Scholar presents sex education research findings
Dr. Pheobe K. Schnitzer and Makayla Richards ’20, discussed the shortfalls of sex education.
Women’s Studies Research Center Scholar Dr. Phoebe K. Schnitzer and her research assistant Makayla Richards ’20, delivered a presentation on Thursday about the state of sex education in the United States.
This presentation, entitled “Sex Education is a Feminist Issue: Student Survey Reveals Gender Differences,” described the results of a 2017 survey of college students’ experiences with sex education. Schnitzer and Richards both offered their analysis of the data from the survey and discussed their own opinions regarding sex education in the country.
Schnitzer explained that “sex education is a product of its time,” meaning that as trends and cultures change over time, so do people’s opinions on how sex education should be taught. When she was growing up, Schnitzer said, sex education was little more than a film on anatomy and menstruation shown in her school and some pamphlets that her mother gave her. As far as she recalled, the boys her age, at the time, had even less sex education.
However, Schnitzer said, things changed in the 1980s after too many unwanted pregnancies and infections due to a lack of sex education in schools. In 1981, Schnitzer said, the federal government began funding abstinence-only sex education programs, spending billions on these programs prior to and through 2018. The abstinence-only curriculum, she said, used scare tactics to prevent students from being sexually active, resulting in misinformation, unprotected sex and students feeling shameful. Its underlying idea was that women had to protect themselves from “men’s urges,” a sentiment that promoted gender stereotypes. This approach was replaced by comprehensive sex education programs, thuogh Schnitzer said that this curriculum still had flaws. For example, she said, the curriculum focused on “risks, dangers and the need for precaution” — still using scare tactics as a teaching tool.
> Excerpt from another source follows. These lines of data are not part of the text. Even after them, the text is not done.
(* Let $\lambda_1\ge\lambda_2\ge2$ and $h_1\ge h_2\ge 2$ be integers and let $\lambda=(\lambda_1,\lambda_2,2^{h_2-2},1^{h_1-h_2})$, a partition of $n=\lambda_1+\lambda_2+h_1+h_2-4$. If $m=h_1$ or $m=n-(\lambda_1-1)$, then $$|\mathrm{QYT}_{=m}(\lambda)|=\frac{\lambda_1-\lambda_2+1}{m-h_2+1}\binom{\lambda_1+h_1-2}{m-h_2}\binom{\lambda_2+h_1-3}{m-h_2}\binom{m-h_2}{m-h_1}\binom{\lambda_2+h_2-4}{h_2-2}\binom{\lambda_1+h_2-3}{h_2-2}\frac{1}{\binom{h_1-1}{h_2-2}}.$$
   Context: The notation $(\lambda_1,\lambda_2,2^{h_2-2},1^{h_1-h_2})$ denotes the partition with rows of lengths $\lambda_1,\lambda_2$, followed by $h_2-2$ rows of length $2$, followed by $h_1-h_2$ rows of length $1$; its first column has height $h_1$ and its second column height $h_2$. The (French) Young diagram has $\lambda_j$ left-justified boxes in row $j$, rows numbered from bottom to top. A semistandard Young tableau (SSYT) of shape $\lambda$ is a filling of the boxes with positive integers weakly increasing left to right along rows and strictly increasing bottom to top along columns. An SSYT $T$ is quasi-Yamanouchi if for every integer $i>1$ appearing in $T$, the leftmost occurrence of $i$ lies in a column weakly left of (column index $\le$) some occurrence of $i-1$. $\mathrm{QYT}_{=m}(\lambda)$ is the set of quasi-Yamanouchi tableaux of shape $\lambda$ whose largest entry is exactly $m$. *)

theory Defs
  imports Complex_Main
begin

text \<open>A partition is a list of row lengths (row 0 is the bottom row, French convention).
  Boxes are pairs (row, column), both 0-indexed.\<close>

definition boxes :: "nat list \<Rightarrow> (nat \<times> nat) set" where
  "boxes lam = {(j, c). j < length lam \<and> c < lam ! j}"

definition is_SSYT :: "nat list \<Rightarrow> (nat \<times> nat \<Rightarrow> nat) \<Rightarrow> bool" where
  "is_SSYT lam T \<longleftrightarrow>
     (\<forall>b. b \<notin> boxes lam \<longrightarrow> T b = 0) \<and>
     (\<forall>b\<in>boxes lam. 1 \<le> T b) \<and>
     (\<forall>j c. (j, c) \<in> boxes lam \<and> (j, Suc c) \<in> boxes lam \<longrightarrow> T (j, c) \<le> T (j, Suc c)) \<and>
     (\<forall>j c. (j, c) \<in> boxes lam \<and> (Suc j, c) \<in> boxes lam \<longrightarrow> T (j, c) < T (Suc j, c))"

definition leftmost_col :: "nat list \<Rightarrow> (nat \<times> nat \<Rightarrow> nat) \<Rightarrow> nat \<Rightarrow> nat" where
  "leftmost_col lam T i = Min {c. \<exists>j. (j, c) \<in> boxes lam \<and> T (j, c) = i}"

definition quasi_yamanouchi :: "nat list \<Rightarrow> (nat \<times> nat \<Rightarrow> nat) \<Rightarrow> bool" where
  "quasi_yamanouchi lam T \<longleftrightarrow>
     (\<forall>i. 1 < i \<and> i \<in> T ` boxes lam \<longrightarrow>
        (\<exists>j c. (j, c) \<in> boxes lam \<and> T (j, c) = i - 1 \<and> leftmost_col lam T i \<le> c))"

definition QYT_eq :: "nat \<Rightarrow> nat list \<Rightarrow> (nat \<times> nat \<Rightarrow> nat) set" where
  "QYT_eq m lam = {T. is_SSYT lam T \<and> quasi_yamanouchi lam T \<and> Max (T ` boxes lam) = m}"

definition hook_shape :: "nat \<Rightarrow> nat \<Rightarrow> nat \<Rightarrow> nat \<Rightarrow> nat list" where
  "hook_shape l1 l2 h1 h2 = [l1, l2] @ replicate (h2 - 2) 2 @ replicate (h1 - h2) 1"

end

theory Submission
  imports Defs "HOL-Library.Multiset"
begin

text \<open>Both extreme values of \<open>m\<close> are counted by bijections onto the same kind of triples
  \<open>(u, v, w)\<close>: a weakly increasing row \<open>u\<close> under a weakly increasing row \<open>v\<close>, column
  strictly, and a strictly increasing column \<open>w\<close> rising above the first entry of \<open>v\<close>.

  For \<open>m = h1\<close> the first column is forced to be \<open>1, \<dots>, h1\<close>, which makes the tableau
  quasi-Yamanouchi, and the triple consists of the remaining entries of the two bottom rows and of
  the second column. For \<open>m = n - (l1 - 1)\<close> every value \<open>2, \<dots>, m\<close> occurs exactly once
  above the bottom row, and the quasi-Yamanouchi condition puts a bottom-row entry between any two
  such values increasing to the right. Hence the tableau is determined by the ranks of its upper
  entries among the bottom row; these form a triple of the same kind with rows and columns
  exchanged.

  The triples are counted by Lindstrom--Gessel--Viennot switching: exchanging tails at the first
  violation matches the pairs of rows that are not column strict with pairs of rows of lengths
  shifted by one, and the hooks \<open>(v, w)\<close> are counted by a hockey-stick summation.\<close>

section \<open>Counting increasing lists\<close>

definition sorted_lists :: "nat \<Rightarrow> nat set \<Rightarrow> nat list set" where
  "sorted_lists s A = {xs. length xs = s \<and> sorted xs \<and> set xs \<subseteq> A}"

definition strict_lists :: "nat \<Rightarrow> nat set \<Rightarrow> nat list set" where
  "strict_lists k A = {xs. length xs = k \<and> sorted_wrt (<) xs \<and> set xs \<subseteq> A}"

lemma finite_sorted_lists: "finite A \<Longrightarrow> finite (sorted_lists s A)"
  by (rule finite_subset[OF _ finite_lists_length_eq[of A s]]) (auto simp: sorted_lists_def)

lemma finite_strict_lists: "finite A \<Longrightarrow> finite (strict_lists k A)"
  by (rule finite_subset[OF _ finite_lists_length_eq[of A k]]) (auto simp: strict_lists_def)

lemma card_sorted_lists:
  assumes "finite A"
  shows "card (sorted_lists s A) = (card A + s - 1) choose s"
proof -
  have "bij_betw mset (sorted_lists s A) (multisets_of_size A s)"
  proof (rule bij_betw_byWitness[where f' = sorted_list_of_multiset])
    show "\<forall>xs\<in>sorted_lists s A. sorted_list_of_multiset (mset xs) = xs"
      by (auto simp: sorted_lists_def sorted_sort_id)
    show "\<forall>M\<in>multisets_of_size A s. mset (sorted_list_of_multiset M) = M" by simp
    show "mset ` sorted_lists s A \<subseteq> multisets_of_size A s"
      by (auto simp: sorted_lists_def multisets_of_size_def)
    show "sorted_list_of_multiset ` multisets_of_size A s \<subseteq> sorted_lists s A"
      by (auto simp: sorted_lists_def multisets_of_size_def
          simp flip: set_mset_mset size_mset)
  qed
  then show ?thesis using card_multisets_of_size[OF assms] bij_betw_same_card by metis
qed

lemma card_strict_lists:
  assumes "finite A"
  shows "card (strict_lists k A) = card A choose k"
proof -
  have "bij_betw set (strict_lists k A) {B. B \<subseteq> A \<and> card B = k}"
  proof (rule bij_betw_byWitness[where f' = sorted_list_of_set])
    show "\<forall>xs\<in>strict_lists k A. sorted_list_of_set (set xs) = xs"
      by (auto simp: strict_lists_def sorted_list_of_set.idem_if_sorted_distinct strict_sorted_iff)
    show "\<forall>B\<in>{B. B \<subseteq> A \<and> card B = k}. set (sorted_list_of_set B) = B"
      using assms by (metis (mono_tags) mem_Collect_eq rev_finite_subset set_sorted_list_of_set)
    show "set ` strict_lists k A \<subseteq> {B. B \<subseteq> A \<and> card B = k}"
      by (auto simp: strict_lists_def strict_sorted_iff distinct_card)
    show "sorted_list_of_set ` {B. B \<subseteq> A \<and> card B = k} \<subseteq> strict_lists k A"
    proof
      fix xs assume "xs \<in> sorted_list_of_set ` {B. B \<subseteq> A \<and> card B = k}"
      then obtain B where "B \<subseteq> A" "card B = k" "xs = sorted_list_of_set B" by auto
      moreover have "finite B" using \<open>B \<subseteq> A\<close> assms rev_finite_subset by auto
      ultimately show "xs \<in> strict_lists k A" by (auto simp: strict_lists_def)
    qed
  qed
  then show ?thesis using n_subsets[OF assms] bij_betw_same_card by metis
qed

definition hook_pairs :: "nat \<Rightarrow> nat \<Rightarrow> nat \<Rightarrow> (nat list \<times> nat list) set" where
  "hook_pairs r k N = {(v, w). v \<in> sorted_lists r {1..N} \<and> w \<in> strict_lists k {1..N}
     \<and> (\<forall>y\<in>set w. hd v < y)}"

lemma finite_hook_pairs: "finite (hook_pairs r k N)"
  by (rule finite_subset[of _ "sorted_lists r {1..N} \<times> strict_lists k {1..N}"])
    (auto simp: hook_pairs_def finite_sorted_lists finite_strict_lists)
Schnitzer analyzed the results of a survey originally created by Emily Appel ’15 that launched in 2017. According to the survey, on average, students had their first introduction to sex education at the age of 11. Most students had their first formal sex education course between eighth and 10th grade. However, Schnitzer said that respondents wished they’d had even earlier start to sex education in school. Moreover, she added, the majority of respondents were taught in a non-comprehensive fashion by an unqualified health teacher, gym teacher or coach, and their courses ranged from one week to one semester.
Instead of being taught prevention techniques, most respondents said they were shown graphic descriptions and images. Schnitzer also said students reported certain topics being “taught with extreme bias” and that teachers were often unresponsive to questions surrounding topics such as “abstinence, abortion, contraceptives and porn.”
Schnitzer said abstinence was the topic that students wanted to hear the least about. She said they instead wanted a “sex positive” and non-heteronormative curriculum, with many students wanting more LGBTQ+ inclusiveness. Furthermore, she said most students wanted a “variable education system” for their sex education programs, meaning some topics would be taught in a co-ed group and others would be taught separately.
Women were more likely than men to be “dissatisfied” with their sex education. Furthermore, Schnitzer said that women were more likely to report having had biased teachers who taught with the underlying idea that “sex is bad and women who have sex are dirty.” Men reported receiving less education overall, resulting in many turning toward pornography as a source of sex education.
Only 10 states mandate medical accuracy in sex education curriculums and only 10 states with mandated sex education “mention sexual assault, consent and healthy relationships,” Schnitzer said. However, she said that this year there has been an increase in sex education bills that promote “LGBTQ+ inclusive instruction” and consent. Nonetheless, Schnitzer said she believes that there will need to be a “generation turn over” to bring about real change to sex education.
Richards delivered the second part of the presentation. She began by saying, “Sex is not a common or comfortable topic of discussion in the home, nor is it really in the classroom or in relationships,” and explained that many students felt “unprepared and confused about what was true or realistic about sex.” She explained that sex education plays a role in students’ understandings of themselves and others. Richards then said that misunderstanding bodies and relationships is a result of oppression due to a “cis[gender] and hetero[sexual] patriarchy, white supremacy and racism.”
Richards discussed the idea of “body literacy,” or “the intimate knowing of one’s own body as well as a general understanding of the various types of bodies you may interact with in any sort of relationship.” Richards added that people experience sexual and romantic attraction in different ways, noting the validity of both asexuality and aromanticism. She said that sexuality and gender-identity spectrums should be better acknowledged in sex education.
Richards concluded the presentation by saying that statistics show that people will continue to be sexually active with or without proper sex education, emphasizing the importance of a curriculum that would provide “access to language for bodily experiences, desires and concerns.” Richards said she believes that “body literacy could also provide the framework for dismantling some of society’s most violent gender stereotypes. … This could shift multiple generations’ understanding of autonomy and harm.”